[Saved data entries]
Start of Block
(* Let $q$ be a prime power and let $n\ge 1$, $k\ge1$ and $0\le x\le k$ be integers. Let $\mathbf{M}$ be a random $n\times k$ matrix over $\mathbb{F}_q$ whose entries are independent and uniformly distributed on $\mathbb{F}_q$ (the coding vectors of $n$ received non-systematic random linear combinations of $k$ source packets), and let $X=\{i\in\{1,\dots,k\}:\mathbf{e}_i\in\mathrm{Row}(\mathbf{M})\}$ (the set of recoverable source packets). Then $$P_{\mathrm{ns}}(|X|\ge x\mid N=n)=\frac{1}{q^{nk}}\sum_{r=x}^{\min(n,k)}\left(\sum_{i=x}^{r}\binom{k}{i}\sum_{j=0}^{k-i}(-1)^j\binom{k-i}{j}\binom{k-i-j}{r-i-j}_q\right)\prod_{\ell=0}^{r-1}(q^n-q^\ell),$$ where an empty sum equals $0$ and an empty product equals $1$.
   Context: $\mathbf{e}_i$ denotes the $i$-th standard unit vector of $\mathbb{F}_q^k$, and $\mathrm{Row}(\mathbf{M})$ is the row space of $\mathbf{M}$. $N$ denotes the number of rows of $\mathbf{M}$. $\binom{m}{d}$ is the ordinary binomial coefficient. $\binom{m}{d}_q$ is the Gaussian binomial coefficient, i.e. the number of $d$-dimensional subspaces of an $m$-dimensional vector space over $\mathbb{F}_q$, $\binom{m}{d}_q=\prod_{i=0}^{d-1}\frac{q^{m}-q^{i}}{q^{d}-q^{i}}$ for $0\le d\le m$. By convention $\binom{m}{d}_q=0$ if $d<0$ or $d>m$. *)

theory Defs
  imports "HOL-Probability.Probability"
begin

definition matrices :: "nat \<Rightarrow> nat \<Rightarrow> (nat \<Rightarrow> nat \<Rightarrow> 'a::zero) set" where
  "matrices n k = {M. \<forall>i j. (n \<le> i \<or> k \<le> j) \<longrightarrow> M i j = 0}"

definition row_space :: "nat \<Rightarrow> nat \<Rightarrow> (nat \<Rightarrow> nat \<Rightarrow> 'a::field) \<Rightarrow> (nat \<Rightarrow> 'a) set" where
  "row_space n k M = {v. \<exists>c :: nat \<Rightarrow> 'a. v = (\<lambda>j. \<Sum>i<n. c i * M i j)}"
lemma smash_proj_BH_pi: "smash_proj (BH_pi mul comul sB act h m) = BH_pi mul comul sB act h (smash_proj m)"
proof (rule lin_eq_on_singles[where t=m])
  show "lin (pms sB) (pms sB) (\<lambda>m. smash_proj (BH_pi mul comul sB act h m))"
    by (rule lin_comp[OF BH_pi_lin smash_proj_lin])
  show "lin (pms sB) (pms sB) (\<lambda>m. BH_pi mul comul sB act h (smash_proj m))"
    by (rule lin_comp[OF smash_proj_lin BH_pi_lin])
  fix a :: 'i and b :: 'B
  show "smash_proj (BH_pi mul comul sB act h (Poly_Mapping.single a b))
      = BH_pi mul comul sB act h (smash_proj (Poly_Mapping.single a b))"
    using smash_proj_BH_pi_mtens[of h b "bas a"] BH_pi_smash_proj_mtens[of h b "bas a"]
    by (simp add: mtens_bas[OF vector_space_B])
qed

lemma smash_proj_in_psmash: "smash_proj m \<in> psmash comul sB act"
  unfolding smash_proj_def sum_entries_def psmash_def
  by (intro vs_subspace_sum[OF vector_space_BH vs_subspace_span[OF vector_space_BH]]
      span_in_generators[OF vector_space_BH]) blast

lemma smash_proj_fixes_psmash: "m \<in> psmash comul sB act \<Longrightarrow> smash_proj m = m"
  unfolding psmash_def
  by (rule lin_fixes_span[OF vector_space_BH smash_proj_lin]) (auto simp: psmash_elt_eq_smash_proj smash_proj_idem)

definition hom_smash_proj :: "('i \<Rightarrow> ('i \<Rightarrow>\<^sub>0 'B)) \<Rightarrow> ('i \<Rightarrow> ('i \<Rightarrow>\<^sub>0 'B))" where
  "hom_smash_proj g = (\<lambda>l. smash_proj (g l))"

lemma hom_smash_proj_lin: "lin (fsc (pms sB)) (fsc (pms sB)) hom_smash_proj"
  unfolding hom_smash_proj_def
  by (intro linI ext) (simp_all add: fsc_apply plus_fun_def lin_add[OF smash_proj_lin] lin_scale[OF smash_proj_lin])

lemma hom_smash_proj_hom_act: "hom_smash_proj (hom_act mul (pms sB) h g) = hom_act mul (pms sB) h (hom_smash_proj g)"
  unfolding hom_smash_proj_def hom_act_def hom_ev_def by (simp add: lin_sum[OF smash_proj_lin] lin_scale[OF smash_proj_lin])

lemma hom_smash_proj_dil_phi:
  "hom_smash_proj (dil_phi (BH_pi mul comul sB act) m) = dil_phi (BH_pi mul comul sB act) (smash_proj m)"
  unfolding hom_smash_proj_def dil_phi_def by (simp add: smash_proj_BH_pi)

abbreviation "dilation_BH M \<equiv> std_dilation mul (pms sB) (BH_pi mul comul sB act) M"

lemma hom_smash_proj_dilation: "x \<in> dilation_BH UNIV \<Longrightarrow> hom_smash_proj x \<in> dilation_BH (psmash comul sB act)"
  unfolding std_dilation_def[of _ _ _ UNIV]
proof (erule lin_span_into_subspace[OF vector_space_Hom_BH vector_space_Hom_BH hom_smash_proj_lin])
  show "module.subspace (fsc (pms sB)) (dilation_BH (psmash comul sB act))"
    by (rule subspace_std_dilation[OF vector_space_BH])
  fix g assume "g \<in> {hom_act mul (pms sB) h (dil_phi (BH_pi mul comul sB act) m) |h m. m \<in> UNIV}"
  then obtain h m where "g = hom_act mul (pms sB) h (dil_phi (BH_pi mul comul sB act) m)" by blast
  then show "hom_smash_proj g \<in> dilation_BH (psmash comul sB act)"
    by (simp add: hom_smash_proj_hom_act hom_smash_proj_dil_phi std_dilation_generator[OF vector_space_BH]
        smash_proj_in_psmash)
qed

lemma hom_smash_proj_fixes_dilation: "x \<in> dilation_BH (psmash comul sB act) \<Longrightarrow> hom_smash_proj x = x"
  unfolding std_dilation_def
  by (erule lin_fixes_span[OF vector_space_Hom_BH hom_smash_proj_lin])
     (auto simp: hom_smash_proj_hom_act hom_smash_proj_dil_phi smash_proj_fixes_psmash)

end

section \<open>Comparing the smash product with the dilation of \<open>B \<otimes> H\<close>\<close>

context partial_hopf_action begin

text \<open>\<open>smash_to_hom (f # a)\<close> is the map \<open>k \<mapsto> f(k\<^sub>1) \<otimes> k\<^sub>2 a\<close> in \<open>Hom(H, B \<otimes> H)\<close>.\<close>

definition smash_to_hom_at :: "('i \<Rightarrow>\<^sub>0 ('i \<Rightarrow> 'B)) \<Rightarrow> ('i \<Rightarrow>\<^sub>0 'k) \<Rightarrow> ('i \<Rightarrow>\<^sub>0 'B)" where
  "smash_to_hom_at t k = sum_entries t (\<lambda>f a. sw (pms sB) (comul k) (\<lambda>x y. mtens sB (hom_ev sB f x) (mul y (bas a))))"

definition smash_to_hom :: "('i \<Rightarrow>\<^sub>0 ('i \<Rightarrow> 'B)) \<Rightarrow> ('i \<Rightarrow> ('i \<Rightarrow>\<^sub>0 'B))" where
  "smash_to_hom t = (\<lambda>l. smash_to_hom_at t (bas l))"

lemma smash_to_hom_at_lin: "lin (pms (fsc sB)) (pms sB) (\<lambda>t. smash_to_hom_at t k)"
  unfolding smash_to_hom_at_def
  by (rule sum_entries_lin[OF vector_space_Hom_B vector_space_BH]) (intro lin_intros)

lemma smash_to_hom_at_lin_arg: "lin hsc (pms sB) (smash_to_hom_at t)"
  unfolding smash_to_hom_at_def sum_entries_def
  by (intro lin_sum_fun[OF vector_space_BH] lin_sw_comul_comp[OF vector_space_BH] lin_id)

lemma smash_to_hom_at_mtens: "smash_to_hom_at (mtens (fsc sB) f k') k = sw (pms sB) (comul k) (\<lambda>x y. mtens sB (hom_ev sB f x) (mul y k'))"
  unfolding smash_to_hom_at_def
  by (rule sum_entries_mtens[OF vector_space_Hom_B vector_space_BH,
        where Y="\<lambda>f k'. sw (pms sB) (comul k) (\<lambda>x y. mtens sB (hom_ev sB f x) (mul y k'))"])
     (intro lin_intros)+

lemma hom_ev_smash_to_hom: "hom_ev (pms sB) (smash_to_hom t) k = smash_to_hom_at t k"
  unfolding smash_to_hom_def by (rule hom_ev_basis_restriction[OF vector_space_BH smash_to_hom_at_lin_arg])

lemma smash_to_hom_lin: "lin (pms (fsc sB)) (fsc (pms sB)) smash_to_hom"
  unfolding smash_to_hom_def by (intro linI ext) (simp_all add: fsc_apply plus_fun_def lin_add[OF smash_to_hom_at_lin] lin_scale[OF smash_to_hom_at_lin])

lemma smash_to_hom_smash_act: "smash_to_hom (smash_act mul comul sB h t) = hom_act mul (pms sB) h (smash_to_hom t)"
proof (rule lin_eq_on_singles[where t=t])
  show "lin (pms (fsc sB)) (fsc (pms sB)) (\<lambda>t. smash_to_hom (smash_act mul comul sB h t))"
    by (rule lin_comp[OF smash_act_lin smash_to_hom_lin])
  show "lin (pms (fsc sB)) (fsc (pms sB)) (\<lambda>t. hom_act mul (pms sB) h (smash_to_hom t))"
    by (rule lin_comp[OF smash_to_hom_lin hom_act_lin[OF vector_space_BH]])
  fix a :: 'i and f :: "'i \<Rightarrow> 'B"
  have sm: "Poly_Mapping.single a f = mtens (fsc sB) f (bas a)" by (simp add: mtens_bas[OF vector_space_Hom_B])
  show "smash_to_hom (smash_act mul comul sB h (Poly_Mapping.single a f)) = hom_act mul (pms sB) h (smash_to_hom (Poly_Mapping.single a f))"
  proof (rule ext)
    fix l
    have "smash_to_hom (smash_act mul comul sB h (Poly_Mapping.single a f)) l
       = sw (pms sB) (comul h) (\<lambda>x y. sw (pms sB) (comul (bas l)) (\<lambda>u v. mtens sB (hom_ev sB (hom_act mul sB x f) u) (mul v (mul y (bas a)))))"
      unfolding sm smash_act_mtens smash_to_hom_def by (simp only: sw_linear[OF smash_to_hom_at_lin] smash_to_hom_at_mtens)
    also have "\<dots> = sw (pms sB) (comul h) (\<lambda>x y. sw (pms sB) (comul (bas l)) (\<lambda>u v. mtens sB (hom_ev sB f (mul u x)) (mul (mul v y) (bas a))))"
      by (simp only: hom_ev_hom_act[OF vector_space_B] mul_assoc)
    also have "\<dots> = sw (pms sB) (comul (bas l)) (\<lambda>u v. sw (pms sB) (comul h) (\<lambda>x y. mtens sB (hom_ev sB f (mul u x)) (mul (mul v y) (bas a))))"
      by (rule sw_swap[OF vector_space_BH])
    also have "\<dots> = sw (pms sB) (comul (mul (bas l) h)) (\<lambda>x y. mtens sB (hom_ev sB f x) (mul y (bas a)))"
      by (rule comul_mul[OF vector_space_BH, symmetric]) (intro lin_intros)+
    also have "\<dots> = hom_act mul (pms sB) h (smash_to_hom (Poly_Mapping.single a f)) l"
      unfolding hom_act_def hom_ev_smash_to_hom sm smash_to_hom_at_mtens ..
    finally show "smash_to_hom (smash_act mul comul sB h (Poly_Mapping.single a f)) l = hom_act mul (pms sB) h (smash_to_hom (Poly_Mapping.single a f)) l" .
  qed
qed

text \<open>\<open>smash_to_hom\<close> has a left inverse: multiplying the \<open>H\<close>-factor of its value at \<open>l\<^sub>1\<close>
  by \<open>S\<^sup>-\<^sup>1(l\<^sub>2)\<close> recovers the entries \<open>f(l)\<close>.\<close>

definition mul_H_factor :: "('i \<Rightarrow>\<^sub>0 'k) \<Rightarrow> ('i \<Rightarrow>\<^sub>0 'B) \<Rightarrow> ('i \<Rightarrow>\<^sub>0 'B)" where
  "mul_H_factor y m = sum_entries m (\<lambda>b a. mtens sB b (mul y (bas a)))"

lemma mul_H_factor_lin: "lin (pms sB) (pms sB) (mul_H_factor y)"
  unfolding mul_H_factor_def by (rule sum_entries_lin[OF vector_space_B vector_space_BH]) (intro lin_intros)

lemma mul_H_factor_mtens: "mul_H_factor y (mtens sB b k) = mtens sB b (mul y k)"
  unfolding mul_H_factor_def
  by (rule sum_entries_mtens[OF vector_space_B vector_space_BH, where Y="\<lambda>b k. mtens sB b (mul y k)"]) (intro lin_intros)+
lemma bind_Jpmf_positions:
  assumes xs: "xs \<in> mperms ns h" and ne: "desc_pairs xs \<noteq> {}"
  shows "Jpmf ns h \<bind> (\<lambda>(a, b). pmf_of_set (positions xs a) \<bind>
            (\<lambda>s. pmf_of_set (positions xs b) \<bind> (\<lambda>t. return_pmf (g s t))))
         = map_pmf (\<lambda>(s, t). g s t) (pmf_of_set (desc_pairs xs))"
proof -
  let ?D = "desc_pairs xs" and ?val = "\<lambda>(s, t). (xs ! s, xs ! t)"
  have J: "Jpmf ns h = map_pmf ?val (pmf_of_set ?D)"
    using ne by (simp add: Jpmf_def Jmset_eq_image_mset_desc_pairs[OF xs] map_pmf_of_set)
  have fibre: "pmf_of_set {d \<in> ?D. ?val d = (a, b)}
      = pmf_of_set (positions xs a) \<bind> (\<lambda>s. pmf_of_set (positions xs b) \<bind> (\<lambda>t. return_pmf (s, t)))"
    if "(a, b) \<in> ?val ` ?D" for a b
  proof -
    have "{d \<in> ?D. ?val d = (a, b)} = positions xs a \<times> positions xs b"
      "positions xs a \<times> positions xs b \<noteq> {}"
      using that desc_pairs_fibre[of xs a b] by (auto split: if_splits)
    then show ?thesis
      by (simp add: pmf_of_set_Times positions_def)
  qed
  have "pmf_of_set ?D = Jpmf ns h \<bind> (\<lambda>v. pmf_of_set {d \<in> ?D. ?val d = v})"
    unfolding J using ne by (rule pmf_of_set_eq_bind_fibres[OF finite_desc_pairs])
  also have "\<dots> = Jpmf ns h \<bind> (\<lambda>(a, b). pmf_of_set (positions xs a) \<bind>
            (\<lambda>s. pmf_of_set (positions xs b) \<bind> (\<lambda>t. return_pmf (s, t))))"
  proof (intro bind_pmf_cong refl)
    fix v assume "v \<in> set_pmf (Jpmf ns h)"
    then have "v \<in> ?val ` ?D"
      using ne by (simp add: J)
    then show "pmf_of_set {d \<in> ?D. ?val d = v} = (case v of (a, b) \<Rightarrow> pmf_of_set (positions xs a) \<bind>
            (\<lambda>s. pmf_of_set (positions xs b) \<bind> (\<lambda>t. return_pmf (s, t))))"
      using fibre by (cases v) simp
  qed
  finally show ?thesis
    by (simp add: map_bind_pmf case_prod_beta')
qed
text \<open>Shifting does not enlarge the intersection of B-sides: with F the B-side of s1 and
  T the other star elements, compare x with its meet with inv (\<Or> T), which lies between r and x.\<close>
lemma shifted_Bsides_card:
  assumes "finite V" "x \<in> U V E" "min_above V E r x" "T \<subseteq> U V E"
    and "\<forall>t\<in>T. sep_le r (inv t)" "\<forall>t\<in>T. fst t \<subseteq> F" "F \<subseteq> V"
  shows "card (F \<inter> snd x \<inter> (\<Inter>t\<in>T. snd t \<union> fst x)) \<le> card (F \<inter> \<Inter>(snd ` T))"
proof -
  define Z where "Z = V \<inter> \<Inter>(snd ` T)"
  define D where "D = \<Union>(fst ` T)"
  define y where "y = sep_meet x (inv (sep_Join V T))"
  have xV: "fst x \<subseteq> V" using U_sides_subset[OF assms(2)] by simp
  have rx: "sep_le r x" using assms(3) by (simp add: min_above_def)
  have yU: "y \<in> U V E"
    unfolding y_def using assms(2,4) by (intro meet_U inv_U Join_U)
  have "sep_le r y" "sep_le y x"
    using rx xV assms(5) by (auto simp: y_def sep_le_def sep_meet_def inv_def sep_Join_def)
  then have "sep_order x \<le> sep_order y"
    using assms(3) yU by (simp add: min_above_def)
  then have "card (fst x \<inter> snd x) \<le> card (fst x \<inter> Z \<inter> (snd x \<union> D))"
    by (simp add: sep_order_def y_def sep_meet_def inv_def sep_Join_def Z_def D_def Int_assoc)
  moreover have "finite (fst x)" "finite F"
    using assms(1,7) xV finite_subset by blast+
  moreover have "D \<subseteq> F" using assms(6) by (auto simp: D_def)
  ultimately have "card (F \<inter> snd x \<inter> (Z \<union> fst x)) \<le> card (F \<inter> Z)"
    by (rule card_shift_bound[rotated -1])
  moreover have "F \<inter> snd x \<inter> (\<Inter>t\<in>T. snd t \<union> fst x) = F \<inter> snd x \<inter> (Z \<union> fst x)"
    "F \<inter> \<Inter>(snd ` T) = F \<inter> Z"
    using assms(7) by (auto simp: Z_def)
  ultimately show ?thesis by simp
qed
End of Block
#### Exercise instructions
Beginning at the line above that contains "lin_add[OF smash_proj_lin] lin_scale[OF smash_proj_lin])", return each line exactly through the line that contains "fix g assume", and no others.

#### Task solution
  by (intro linI ext) (simp_all add: fsc_apply plus_fun_def lin_add[OF smash_proj_lin] lin_scale[OF smash_proj_lin])

lemma hom_smash_proj_hom_act: "hom_smash_proj (hom_act mul (pms sB) h g) = hom_act mul (pms sB) h (hom_smash_proj g)"
  unfolding hom_smash_proj_def hom_act_def hom_ev_def by (simp add: lin_sum[OF smash_proj_lin] lin_scale[OF smash_proj_lin])

lemma hom_smash_proj_dil_phi:
  "hom_smash_proj (dil_phi (BH_pi mul comul sB act) m) = dil_phi (BH_pi mul comul sB act) (smash_proj m)"
  unfolding hom_smash_proj_def dil_phi_def by (simp add: smash_proj_BH_pi)

abbreviation "dilation_BH M \<equiv> std_dilation mul (pms sB) (BH_pi mul comul sB act) M"

lemma hom_smash_proj_dilation: "x \<in> dilation_BH UNIV \<Longrightarrow> hom_smash_proj x \<in> dilation_BH (psmash comul sB act)"
  unfolding std_dilation_def[of _ _ _ UNIV]
proof (erule lin_span_into_subspace[OF vector_space_Hom_BH vector_space_Hom_BH hom_smash_proj_lin])
  show "module.subspace (fsc (pms sB)) (dilation_BH (psmash comul sB act))"
    by (rule subspace_std_dilation[OF vector_space_BH])
  fix g assume "g \<in> {hom_act mul (pms sB) h (dil_phi (BH_pi mul comul sB act) m) |h m. m \<in> UNIV}"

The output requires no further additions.